IND/GLY/MF will be administered via the dose-confirming Breezhaler device, which enables once-daily inhalation using a single inhaler. IND/GLY/MF is the first asthma treatment in the EU that can be prescribed together with a digital companion; the Propeller Health app and sensor custom-built for the Breezhaler device. The digital companion will provide patients with inhalation confirmation, medication reminders and access to objective data that can be shared with their physician in order to help them make better therapeutic decisions. The sensor for the Breezhaler device was developed by Propeller Health and is a CE marked Medical Device, designed and licensed to Novartis for use with the Breezhaler inhaler worldwide. The sensor includes a microchip, a microphone, Bluetooth capabilities, an antenna and a battery. The sensor does not alter the drug delivery characteristics of the Breezhaler inhaler itself but produces a recording of each administered dose. Based on the patient’s recorded medication usage, personalized content is presented within the app to help the patient better self-manage their asthma.

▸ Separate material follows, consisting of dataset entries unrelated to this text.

(* The collinearity graph of $\mathcal{S}$ is connected and has diameter $3$.
   Context: Let $S=(P,L)$ and $S'=(P',L')$ be generalized quadrangles of order $(2,2)$ (every line has 3 points, every point lies on 3 lines, and for each point $x$ and line $l\not\ni x$ exactly one point of $l$ is collinear with $x$), with an isomorphism $x\mapsto x'$ from $S$ to $S'$. In a point-line geometry, $x^{\perp}$ is $x$ together with all points collinear with $x$, and $A^{\perp}=\bigcap_{a\in A}a^{\perp}$. A triad is a set of three pairwise non-collinear points, complete if $|T^{\perp}|=3$. The geometry $\mathcal{S}=(\mathcal{P},\mathcal{L})$ has point set $\mathcal{P}=\{(x,y')\in P\times P':y'\in x'^{\perp}\}$ and lines all $3$-subsets $\{(x,u'),(y,v'),(z,w')\}$ of $\mathcal{P}$ where $T=\{x,y,z\}$ (three distinct points) is a line or a complete triad of $S$ and $\{u',v',w'\}=T'^{\perp}$ in $S'$ with $u',v',w'$ distinct. The collinearity graph has vertex set $\mathcal{P}$, two distinct points adjacent when they lie on a common line. *)

theory Defs
  imports Main
begin

definition collinear :: "'p set set \<Rightarrow> 'p \<Rightarrow> 'p \<Rightarrow> bool" where
  "collinear L x y \<longleftrightarrow> (\<exists>l\<in>L. x \<in> l \<and> y \<in> l)"

definition perp :: "'p set \<Rightarrow> 'p set set \<Rightarrow> 'p \<Rightarrow> 'p set" where
  "perp P L x = insert x {y \<in> P. collinear L x y}"

definition perpset :: "'p set \<Rightarrow> 'p set set \<Rightarrow> 'p set \<Rightarrow> 'p set" where
  "perpset P L A = {y \<in> P. \<forall>a\<in>A. y \<in> perp P L a}"

definition gq22 :: "'p set \<Rightarrow> 'p set set \<Rightarrow> bool" where
  "gq22 P L \<longleftrightarrow> P \<noteq> {} \<and>
     (\<forall>l\<in>L. l \<subseteq> P \<and> card l = 3) \<and>
     (\<forall>x\<in>P. card {l\<in>L. x \<in> l} = 3) \<and>
     (\<forall>x\<in>P. \<forall>l\<in>L. x \<notin> l \<longrightarrow> (\<exists>!y. y \<in> l \<and> collinear L x y))"

definition triad :: "'p set set \<Rightarrow> 'p set \<Rightarrow> bool" where
  "triad L T \<longleftrightarrow> card T = 3 \<and> (\<forall>x\<in>T. \<forall>y\<in>T. x \<noteq> y \<longrightarrow> \<not> collinear L x y)"

definition complete_triad :: "'p set \<Rightarrow> 'p set set \<Rightarrow> 'p set \<Rightarrow> bool" where
  "complete_triad P L T \<longleftrightarrow> T \<subseteq> P \<and> triad L T \<and> card (perpset P L T) = 3"

definition geom_iso :: "('p \<Rightarrow> 'q) \<Rightarrow> 'p set \<Rightarrow> 'p set set \<Rightarrow> 'q set \<Rightarrow> 'q set set \<Rightarrow> bool" where
  "geom_iso f P L P' L' \<longleftrightarrow> bij_betw f P P' \<and> (\<lambda>l. f ` l) ` L = L'"

definition bigP :: "'p set \<Rightarrow> 'p set set \<Rightarrow> 'q set \<Rightarrow> 'q set set \<Rightarrow> ('p \<Rightarrow> 'q) \<Rightarrow> ('p \<times> 'q) set" where
  "bigP P L P' L' f = {(x, y). x \<in> P \<and> y \<in> perp P' L' (f x)}"

definition bigL :: "'p set \<Rightarrow> 'p set set \<Rightarrow> 'q set \<Rightarrow> 'q set set \<Rightarrow> ('p \<Rightarrow> 'q) \<Rightarrow> ('p \<times> 'q) set set" where
  "bigL P L P' L' f =
    {{(x, u), (y, v), (z, w)} | x y z u v w.
       (x, u) \<in> bigP P L P' L' f \<and> (y, v) \<in> bigP P L P' L' f \<and> (z, w) \<in> bigP P L P' L' f \<and>
       x \<noteq> y \<and> y \<noteq> z \<and> x \<noteq> z \<and>
       ({x, y, z} \<in> L \<or> complete_triad P L {x, y, z}) \<and>
       u \<noteq> v \<and> v \<noteq> w \<and> u \<noteq> w \<and>
       {u, v, w} = perpset P' L' (f ` {x, y, z})}"

definition coll_graph :: "'a set \<Rightarrow> 'a set set \<Rightarrow> 'a \<Rightarrow> 'a \<Rightarrow> bool" where
  "coll_graph V E a b \<longleftrightarrow> a \<in> V \<and> b \<in> V \<and> a \<noteq> b \<and> (\<exists>l\<in>E. a \<in> l \<and> b \<in> l)"

definition graph_connected :: "'a set \<Rightarrow> ('a \<Rightarrow> 'a \<Rightarrow> bool) \<Rightarrow> bool" where
  "graph_connected V adj \<longleftrightarrow> (\<forall>a\<in>V. \<forall>b\<in>V. \<exists>n. (adj ^^ n) a b)"

definition graph_dist :: "('a \<Rightarrow> 'a \<Rightarrow> bool) \<Rightarrow> 'a \<Rightarrow> 'a \<Rightarrow> nat" where
  "graph_dist adj a b = (LEAST n. (adj ^^ n) a b)"

definition graph_diameter :: "'a set \<Rightarrow> ('a \<Rightarrow> 'a \<Rightarrow> bool) \<Rightarrow> nat \<Rightarrow> bool" where
  "graph_diameter V adj d \<longleftrightarrow>
     (\<forall>a\<in>V. \<forall>b\<in>V. graph_dist adj a b \<le> d) \<and> (\<exists>a\<in>V. \<exists>b\<in>V. graph_dist adj a b = d)"

end

theory Submission
  imports Defs
begin

(* Write y ~ x for y \<in> x\<^sup>\<bottom>. Two points (x, a'), (y, b') of \<S> are collinear iff x \<noteq> y,
   a \<noteq> b and a, b \<in> {x, y}\<^sup>\<bottom>: for x ~ y the line of \<S> comes from the line xy, and otherwise
   from the complete triad {x, y, z}, where {x, y}\<^sup>\<bottom> = {a, b, c} and z is the third point of
   {a, b}\<^sup>\<bottom>, which lies in c\<^sup>\<bottom> because every point of GQ(2,2) is regular.
   In this graph on pairs, (x, a) and (y, b) are at distance at most 2 when x ~ b holds exactly
   when a ~ y; otherwise a suitable neighbour of (x, a), taken on the line xa when a \<noteq> x, restores
   this balance, so every distance is at most 3. For x, y non-collinear and b \<in> {x, y}\<^sup>\<bottom>, a middle vertex (q, d) of a
   path from (x, x) to (y, b) would have q and then d on the line xb with d ~ y, forcing d = b;
   so these two points are at distance 3. *)

lemma card_3_obtain_third:
  assumes "card S = 3" "a \<in> S" "b \<in> S" "a \<noteq> b"
  obtains c where "S = {a, b, c}" "c \<noteq> a" "c \<noteq> b"
  using assms unfolding card_3_iff by blast

lemma card_3_other:
  assumes "card S = 3" "a \<in> S"
  obtains b where "b \<in> S" "b \<noteq> a"
  using assms unfolding card_3_iff by blast

lemma relpowp_inj_image_iff:
  assumes "inj_on h A"
    and S_dom: "\<And>m m'. S m m' \<Longrightarrow> m \<in> h ` A"
    and R_dom: "\<And>w w'. R w w' \<Longrightarrow> w \<in> A"
    and SR: "\<And>w w'. w \<in> A \<Longrightarrow> w' \<in> A \<Longrightarrow> S (h w) (h w') \<longleftrightarrow> R w w'"
    and "u \<in> A" "v \<in> A"
  shows "(S ^^ n) (h u) (h v) \<longleftrightarrow> (R ^^ n) u v"
  using \<open>v \<in> A\<close>
proof (induction n arbitrary: v)
  case 0
  then show ?case
    using inj_on_eq_iff[OF assms(1) \<open>u \<in> A\<close>] by simp
next
  case (Suc n)
  show ?case
  proof
    assume "(S ^^ Suc n) (h u) (h v)"
    then obtain m where m: "(S ^^ n) (h u) m" "S m (h v)"
      by (rule relpowp_Suc_E)
    then obtain w where "w \<in> A" "m = h w"
      using S_dom by blast
    then show "(R ^^ Suc n) u v"
      using Suc m SR relpowp_Suc_I by metis
  next
    assume "(R ^^ Suc n) u v"
    then obtain w where w: "(R ^^ n) u w" "R w v"
      by (rule relpowp_Suc_E)
    then have "w \<in> A"
      using R_dom by blast
    then show "(S ^^ Suc n) (h u) (h v)"
      using Suc w SR relpowp_Suc_I by metis
  qed
qed

lemma connected_diameter_if_walks:
  assumes walks: "\<And>a b. a \<in> V \<Longrightarrow> b \<in> V \<Longrightarrow> \<exists>n\<le>d. (R ^^ n) a b"
    and "a \<in> V" "b \<in> V" and far: "\<And>n. n < d \<Longrightarrow> \<not> (R ^^ n) a b"
  shows "graph_connected V R \<and> graph_diameter V R d"
proof -
  have dist: "graph_dist R a' b' \<le> d" if "a' \<in> V" "b' \<in> V" for a' b'
    using walks[OF that] Least_le[of "\<lambda>n. (R ^^ n) a' b'"] unfolding graph_dist_def
    by (meson le_trans)
  have "(R ^^ graph_dist R a b) a b"
    using walks[OF assms(2,3)] LeastI_ex[of "\<lambda>n. (R ^^ n) a b"] unfolding graph_dist_def
    by blast
  then have "graph_dist R a b = d"
    using dist[OF assms(2,3)] far by (meson le_neq_implies_less)
  then show ?thesis
    unfolding graph_connected_def graph_diameter_def using walks dist assms(2,3) by blast
qed

locale quadrangle22 =
  fixes P :: "'p set" and L :: "'p set set"
  assumes gq22: "gq22 P L"
begin

lemma line_subset: "l \<in> L \<Longrightarrow> l \<subseteq> P"
  using gq22 unfolding gq22_def by simp

lemma card_line: "l \<in> L \<Longrightarrow> card l = 3"
  using gq22 unfolding gq22_def by simp

lemma card_lines_through: "x \<in> P \<Longrightarrow> card {l \<in> L. x \<in> l} = 3"
  using gq22 unfolding gq22_def by simp

lemma ex1_collinear_on_line: "x \<in> P \<Longrightarrow> l \<in> L \<Longrightarrow> x \<notin> l \<Longrightarrow> \<exists>!y. y \<in> l \<and> collinear L x y"
  using gq22 unfolding gq22_def by simp
lemma increment_moment_bound_nonneg: "0 \<le> increment_moment_bound"
proof -
  have "0 \<le> expectation (\<lambda>\<omega>. increment 0 0 \<omega> ^ 12)"
    by (intro integral_nonneg_AE) (auto simp: zero_le_even_power)
  then show ?thesis using increment_moment(2)[of 0 0] by linarith
qed

lemma height_space_diff_le:
  assumes \<omega>: "\<omega> \<in> space M"
    and small: "\<And>z. \<bar>z\<bar> \<le> L \<Longrightarrow> \<bar>increment k z \<omega>\<bar> \<le> E"
    and x: "\<bar>x\<bar> \<le> L" and y: "\<bar>y\<bar> \<le> L"
  shows "\<bar>h k y \<omega> - h k x \<omega>\<bar> \<le> real_of_int \<bar>y - x\<bar> * E"
proof -
  have telescope: "\<bar>h k (u + int d) \<omega> - h k u \<omega>\<bar> \<le> real d * E"
    if "\<bar>u\<bar> \<le> L" "\<bar>u + int d\<bar> \<le> L" for u d
    using that
  proof (induction d)
    case (Suc d)
    have "\<bar>h k (u + int d) \<omega> - h k u \<omega>\<bar> \<le> real d * E" by (rule Suc.IH) (use Suc.prems in auto)
    moreover have "h k (u + int (Suc d)) \<omega> - h k (u + int d) \<omega> = increment k (u + int (Suc d)) \<omega>"
      using increment_eq[OF \<omega>, of k "u + int (Suc d)"] by simp
    moreover have "\<bar>increment k (u + int (Suc d)) \<omega>\<bar> \<le> E" by (rule small) (use Suc.prems in auto)
    ultimately show ?case by (simp add: algebra_simps)
  qed simp
  have ordered: "\<bar>h k v \<omega> - h k u \<omega>\<bar> \<le> real_of_int \<bar>v - u\<bar> * E"
    if "u \<le> v" "\<bar>u\<bar> \<le> L" "\<bar>v\<bar> \<le> L" for u v
    using telescope[of u "nat (v - u)"] that by simp
  show ?thesis
    using ordered[OF _ x y] ordered[OF _ y x] by (cases "x \<le> y") (auto simp: abs_minus_commute)
qed

lemma height_time_diff_le:
  assumes \<omega>: "\<omega> \<in> space M" and E: "0 \<le> E"
    and small: "\<And>z. \<bar>z\<bar> \<le> L + int R \<Longrightarrow> \<bar>increment k z \<omega>\<bar> \<le> E"
    and noise: "\<bar>xi (int k + 1) x \<omega>\<bar> \<le> \<Xi>" and x: "\<bar>x\<bar> \<le> L"
  shows "\<bar>h (Suc k) x \<omega> - h k x \<omega>\<bar> \<le> real R * E + \<Xi>"
proof -
  have jump: "\<bar>p a * (h k (x + a) \<omega> - h k x \<omega>)\<bar> \<le> p a * (real R * E)" if a: "a \<in> {-int R..int R}" for a
  proof -
    have "\<bar>h k (x + a) \<omega> - h k x \<omega>\<bar> \<le> \<bar>x + a - x\<bar> * E"
      by (rule height_space_diff_le[OF \<omega>, where L="L + int R"]) (use a x small in auto)
    also have "\<dots> \<le> real R * E" using a E by (intro mult_right_mono) auto
    finally show ?thesis using p_nonneg[of a] by (simp add: abs_mult mult_left_mono)
  qed
  have "h (Suc k) x \<omega> - h k x \<omega> = (\<Sum>a\<in>{-int R..int R}. p a * (h k (x + a) \<omega> - h k x \<omega>)) + xi (int k + 1) x \<omega>"
    using h_step[OF \<omega>, of k x] p_sum
    by (simp add: right_diff_distrib sum_subtractf sum_distrib_right[symmetric])
  also have "\<bar>\<dots>\<bar> \<le> \<bar>\<Sum>a\<in>{-int R..int R}. p a * (h k (x + a) \<omega> - h k x \<omega>)\<bar> + \<bar>xi (int k + 1) x \<omega>\<bar>"
    by (rule abs_triangle_ineq)
  also have "\<dots> \<le> (\<Sum>a\<in>{-int R..int R}. p a * (real R * E)) + \<Xi>"
    by (intro add_mono noise order_trans[OF sum_abs sum_mono[OF jump]])
  also have "\<dots> = real R * E + \<Xi>" using p_sum by (simp flip: sum_distrib_right)
  finally show ?thesis .
qed

lemma height_diff_near_le:
  assumes \<omega>: "\<omega> \<in> space M" and E: "0 \<le> E" and \<Xi>: "0 \<le> \<Xi>"
    and small: "\<And>k z. k \<le> n \<Longrightarrow> \<bar>z\<bar> \<le> L + int R \<Longrightarrow> \<bar>increment k z \<omega>\<bar> \<le> E"
    and noise: "\<And>t y. 1 \<le> t \<Longrightarrow> t \<le> n \<Longrightarrow> \<bar>y\<bar> \<le> L \<Longrightarrow> \<bar>xi (int t) y \<omega>\<bar> \<le> \<Xi>"
    and k: "k1 \<le> n" "k2 \<le> n" "\<bar>int k1 - int k2\<bar> \<le> 1"
    and x: "\<bar>x1\<bar> \<le> L" "\<bar>x2\<bar> \<le> L" "\<bar>x1 - x2\<bar> \<le> 2"
  shows "\<bar>h k1 x1 \<omega> - h k2 x2 \<omega>\<bar> \<le> (real R + 2) * E + \<Xi>"
proof -
  have space: "\<bar>h k x1 \<omega> - h k x2 \<omega>\<bar> \<le> 2 * E" if "k \<le> n" for k
  proof -
    have "\<bar>h k x1 \<omega> - h k x2 \<omega>\<bar> \<le> \<bar>x1 - x2\<bar> * E"
      by (rule height_space_diff_le[OF \<omega>, where L="L + int R"]) (use that small x in auto)
    also have "\<dots> \<le> 2 * E" using x E by (intro mult_right_mono) auto
    finally show ?thesis .
  qed
  have time: "\<bar>h (Suc k) x \<omega> - h k x \<omega>\<bar> \<le> real R * E + \<Xi>" if "Suc k \<le> n" "\<bar>x\<bar> \<le> L" for k x
    by (rule height_time_diff_le[OF \<omega> E, where L=L]) (use that small noise[of "Suc k" x] in \<open>auto simp: add.commute\<close>)
  have RE: "0 \<le> real R * E" using E by simp
  consider "k1 = k2" | "k1 = Suc k2" | "k2 = Suc k1" using k by linarith
  then show ?thesis
  proof cases
    case 1
    have "(real R + 2) * E = real R * E + 2 * E" by (simp add: algebra_simps)
    then show ?thesis unfolding 1 using space[OF k(2)] RE \<Xi> by linarith
  next
    case 2
    have "\<bar>h k1 x1 \<omega> - h k2 x2 \<omega>\<bar> \<le> \<bar>h (Suc k2) x1 \<omega> - h k2 x1 \<omega>\<bar> + \<bar>h k2 x1 \<omega> - h k2 x2 \<omega>\<bar>"
      unfolding 2 by linarith
    then show ?thesis using time[of k2 x1] space[of k2] 2 k x by (simp add: algebra_simps)
  next
    case 3
    have "\<bar>h k1 x1 \<omega> - h k2 x2 \<omega>\<bar> \<le> \<bar>h (Suc k1) x2 \<omega> - h k1 x2 \<omega>\<bar> + \<bar>h k1 x1 \<omega> - h k1 x2 \<omega>\<bar>"
      unfolding 3 by linarith
    then show ?thesis using time[of k1 x2] space[of k1] 3 k x by (simp add: algebra_simps)
  qed
qed

end

section \<open>The modulus of continuity of the rescaled height\<close>

lemma floor_diff_abs_le_1:
  fixes a b :: real
  assumes "\<bar>a - b\<bar> \<le> 1"
  shows "\<bar>\<lfloor>a\<rfloor> - \<lfloor>b\<rfloor>\<bar> \<le> 1"
proof -
  have "real_of_int (\<lfloor>a\<rfloor> - \<lfloor>b\<rfloor>) < 2" "real_of_int (\<lfloor>b\<rfloor> - \<lfloor>a\<rfloor>) < 2"
    using assms floor_correct[of a] floor_correct[of b] by (simp_all add: abs_le_iff; linarith)+
  then show ?thesis by linarith
qed

lemma grid_indices_close:
  fixes n :: nat and b t r s q \<delta> :: real
  assumes ts: "\<bar>t - s\<bar> \<le> \<delta>" and rq: "\<bar>r - q\<bar> \<le> \<delta>"
    and n\<delta>: "real n * \<delta> \<le> 1" and sqrt\<delta>: "sqrt (real n) * \<delta> \<le> 1" and b\<delta>: "real n * \<delta> * \<bar>b\<bar> \<le> 1"
  shows "\<bar>\<lfloor>real n * t\<rfloor> - \<lfloor>real n * s\<rfloor>\<bar> \<le> 1"
    and "\<bar>(\<lfloor>r * sqrt (real n)\<rfloor> + \<lfloor>real n * t * b\<rfloor>) - (\<lfloor>q * sqrt (real n)\<rfloor> + \<lfloor>real n * s * b\<rfloor>)\<bar> \<le> 2"
proof -
  have "\<bar>real n * t - real n * s\<bar> = real n * \<bar>t - s\<bar>"
    by (simp add: abs_mult flip: right_diff_distrib)
  also have "\<dots> \<le> real n * \<delta>" using ts by (intro mult_left_mono) auto
  finally show "\<bar>\<lfloor>real n * t\<rfloor> - \<lfloor>real n * s\<rfloor>\<bar> \<le> 1" using n\<delta> by (intro floor_diff_abs_le_1) simp
  have "\<bar>r * sqrt (real n) - q * sqrt (real n)\<bar> = sqrt (real n) * \<bar>r - q\<bar>"
    by (simp add: abs_mult flip: left_diff_distrib)
  also have "\<dots> \<le> sqrt (real n) * \<delta>" using rq by (intro mult_left_mono) auto
  finally have space: "\<bar>\<lfloor>r * sqrt (real n)\<rfloor> - \<lfloor>q * sqrt (real n)\<rfloor>\<bar> \<le> 1"
    using sqrt\<delta> by (intro floor_diff_abs_le_1) simp
  have "\<bar>real n * t * b - real n * s * b\<bar> = real n * \<bar>t - s\<bar> * \<bar>b\<bar>"
    by (simp add: abs_mult flip: left_diff_distrib right_diff_distrib)
  moreover have "real n * \<bar>t - s\<bar> * \<bar>b\<bar> \<le> real n * \<delta> * \<bar>b\<bar>"
    using ts by (intro mult_right_mono mult_left_mono) auto
  ultimately have "\<bar>\<lfloor>real n * t * b\<rfloor> - \<lfloor>real n * s * b\<rfloor>\<bar> \<le> 1"
    using b\<delta> by (intro floor_diff_abs_le_1) simp
  with space show "\<bar>(\<lfloor>r * sqrt (real n)\<rfloor> + \<lfloor>real n * t * b\<rfloor>) - (\<lfloor>q * sqrt (real n)\<rfloor> + \<lfloor>real n * s * b\<rfloor>)\<bar> \<le> 2"
    by linarith
qed

lemma abs_floor_le: "real_of_int \<bar>\<lfloor>a\<rfloor>\<bar> \<le> \<bar>a\<bar> + 1"
  using floor_correct[of a] by linarith

lemma grid_space_index_bound:
  fixes n :: nat and b t r :: real
  assumes t: "t \<in> {0..1}" and r: "r \<in> {0..1}"
  shows "\<bar>\<lfloor>r * sqrt (real n)\<rfloor> + \<lfloor>real n * t * b\<rfloor>\<bar> \<le> int n * (1 + \<lceil>\<bar>b\<bar>\<rceil>) + 2"
proof -
  have "sqrt (real n) \<le> real n"
  proof (cases "n = 0")
    case False
    then have "sqrt (real n) * 1 \<le> sqrt (real n) * sqrt (real n)" by (intro mult_left_mono) auto
    then show ?thesis by simp
  qed simp
  then have "\<bar>r * sqrt (real n)\<bar> \<le> real n"
    using r mult_right_mono[of r 1 "sqrt (real n)"] by (simp add: abs_mult)
  moreover have "\<bar>real n * t * b\<bar> \<le> real n * \<lceil>\<bar>b\<bar>\<rceil>"
  proof -
    have "\<bar>real n * t * b\<bar> = real n * (t * \<bar>b\<bar>)" using t by (simp add: abs_mult)
    also have "\<dots> \<le> real n * \<lceil>\<bar>b\<bar>\<rceil>"
    proof (rule mult_left_mono)
      show "t * \<bar>b\<bar> \<le> of_int \<lceil>\<bar>b\<bar>\<rceil>"
        using t mult_right_mono[of t 1 "\<bar>b\<bar>"] by (auto intro: order_trans[OF _ le_of_int_ceiling])
    qed simp
    finally show ?thesis .
  qed
  ultimately have "real_of_int \<bar>\<lfloor>r * sqrt (real n)\<rfloor> + \<lfloor>real n * t * b\<rfloor>\<bar> \<le> real n + real n * \<lceil>\<bar>b\<bar>\<rceil> + 2"
    using abs_floor_le[of "r * sqrt (real n)"] abs_floor_le[of "real n * t * b"] by linarith
  also have "\<dots> = real_of_int (int n * (1 + \<lceil>\<bar>b\<bar>\<rceil>) + 2)" by (simp add: algebra_simps)
  finally show ?thesis by linarith
qed

lemma card_grid_le:
  fixes n :: nat and B c :: int
  assumes n: "1 \<le> n" and B: "0 \<le> B" and c: "0 \<le> c"
  shows "real (card ({..n} \<times> {-(int n * B + c)..int n * B + c})) \<le> 2 * of_int (2 * B + 2 * c + 1) * (real n)^2"
proof -
  have "real (card ({..n} \<times> {-(int n * B + c)..int n * B + c})) = (real n + 1) * of_int (2 * (int n * B + c) + 1)"
    using B c by (simp add: card_cartesian_product algebra_simps)
  also have "\<dots> \<le> (2 * real n) * (real n * of_int (2 * B + 2 * c + 1))"
  proof (intro mult_mono)
    have "of_int (2 * (int n * B + c) + 1) = 2 * (real n * of_int B) + (2 * of_int c + 1)" by simp
    also have "\<dots> \<le> 2 * (real n * of_int B) + real n * (2 * of_int c + 1)"
      using n c by (intro add_left_mono) (simp add: mult_le_cancel_right1)
    finally show "real_of_int (2 * (int n * B + c) + 1) \<le> real n * of_int (2 * B + 2 * c + 1)"
      by (simp add: algebra_simps)
  qed (use n B c in auto)
  finally show ?thesis by (simp add: power2_eq_square algebra_simps)
qed

definition near_pairs :: "real \<Rightarrow> nat \<Rightarrow> ((real \<times> real) \<times> real \<times> real) set" where
  "near_pairs \<gamma> n = {((t, r), (s, q)). (t, r) \<in> {0..1} \<times> {0..1} \<and> (s, q) \<in> {0..1} \<times> {0..1}
                                      \<and> dist (t, r) (s, q) < real n powr (- \<gamma>)}"

lemma near_pairsD:
  assumes "((t, r), (s, q)) \<in> near_pairs \<gamma> n"
  shows "t \<in> {0..1}" "r \<in> {0..1}" "s \<in> {0..1}" "q \<in> {0..1}"
    and "\<bar>t - s\<bar> \<le> real n powr (- \<gamma>)" "\<bar>r - q\<bar> \<le> real n powr (- \<gamma>)"
proof -
  show "t \<in> {0..1}" "r \<in> {0..1}" "s \<in> {0..1}" "q \<in> {0..1}"
    using assms by (auto simp: near_pairs_def)
  have "sqrt ((t - s)^2 + (r - q)^2) < real n powr (- \<gamma>)"
    using assms by (simp add: near_pairs_def dist_Pair_Pair dist_real_def)
  then show "\<bar>t - s\<bar> \<le> real n powr (- \<gamma>)" "\<bar>r - q\<bar> \<le> real n powr (- \<gamma>)"
    by (metis order.strict_trans1 less_imp_le real_sqrt_sum_squares_ge1 real_sqrt_sum_squares_ge2 power2_abs)+
qed

context harness
begin

definition bad_event :: "nat \<Rightarrow> int \<Rightarrow> real \<Rightarrow> 'a set" where
  "bad_event n L \<theta> = (\<Union>(k, z)\<in>{..n} \<times> {-L..L}.
      {\<omega>\<in>space M. \<theta> < \<bar>increment k z \<omega>\<bar>} \<union> {\<omega>\<in>space M. \<theta> < \<bar>xi (int k) z \<omega>\<bar>})"

lemma bad_event_sets: "bad_event n L \<theta> \<in> sets M"
  unfolding bad_event_def using increment_measurable xi_meas by (intro sets.finite_UN) auto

About Atectura® Breezhaler® in the EU
On May 30, 2020, Atectura Breezhaler (QMF149; IND/MF) 150/80 μg, 150/160 μg and 150/320 μg once-daily received European Commission (EC) approval as a maintenance treatment of asthma in adults and adolescents 12 years of age and older not adequately controlled with ICS and inhaled short-acting beta2-agonists15. IND/MF combines the bronchodilation of indacaterol acetate (a LABA) with the anti-inflammatory mometasone furoate (an ICS) in a precise once-daily formulation, delivered via the dose-confirming Breezhaler device. Mometasone furoate is exclusively licensed to Novartis from a subsidiary of Merck & Co., Inc, Kenilworth, NJ, USA, for use in IND/MF.

About the PLATINUM Clinical Development Program
The PLATINUM program, having enrolled over 7,500 patients worldwide, is the Novartis Phase III/IIIb clinical development program supporting the development of IND/GLY/MF and IND/MF. It includes four studies: the QUARTZ study, which compared a low-dose of IND/MF with MF alone; the PALLADIUM study, which compared IND/MF with MF and salmeterol xinafoate/fluticasone propionate (Sal/Flu); the IRIDIUM study, which compared IND/GLY/MF with IND/MF and Sal/Flu; and the ARGON study, which compared IND/GLY/MF with a free combination of Sal/Flu plus tiotropium (Tio).

About the IRIDIUM study1
IRIDIUM was a Phase III, multicenter, randomized, double-blind, parallel-group study, designed to compare the efficacy and safety of IND/GLY/MF with IND/MF in patients with asthma.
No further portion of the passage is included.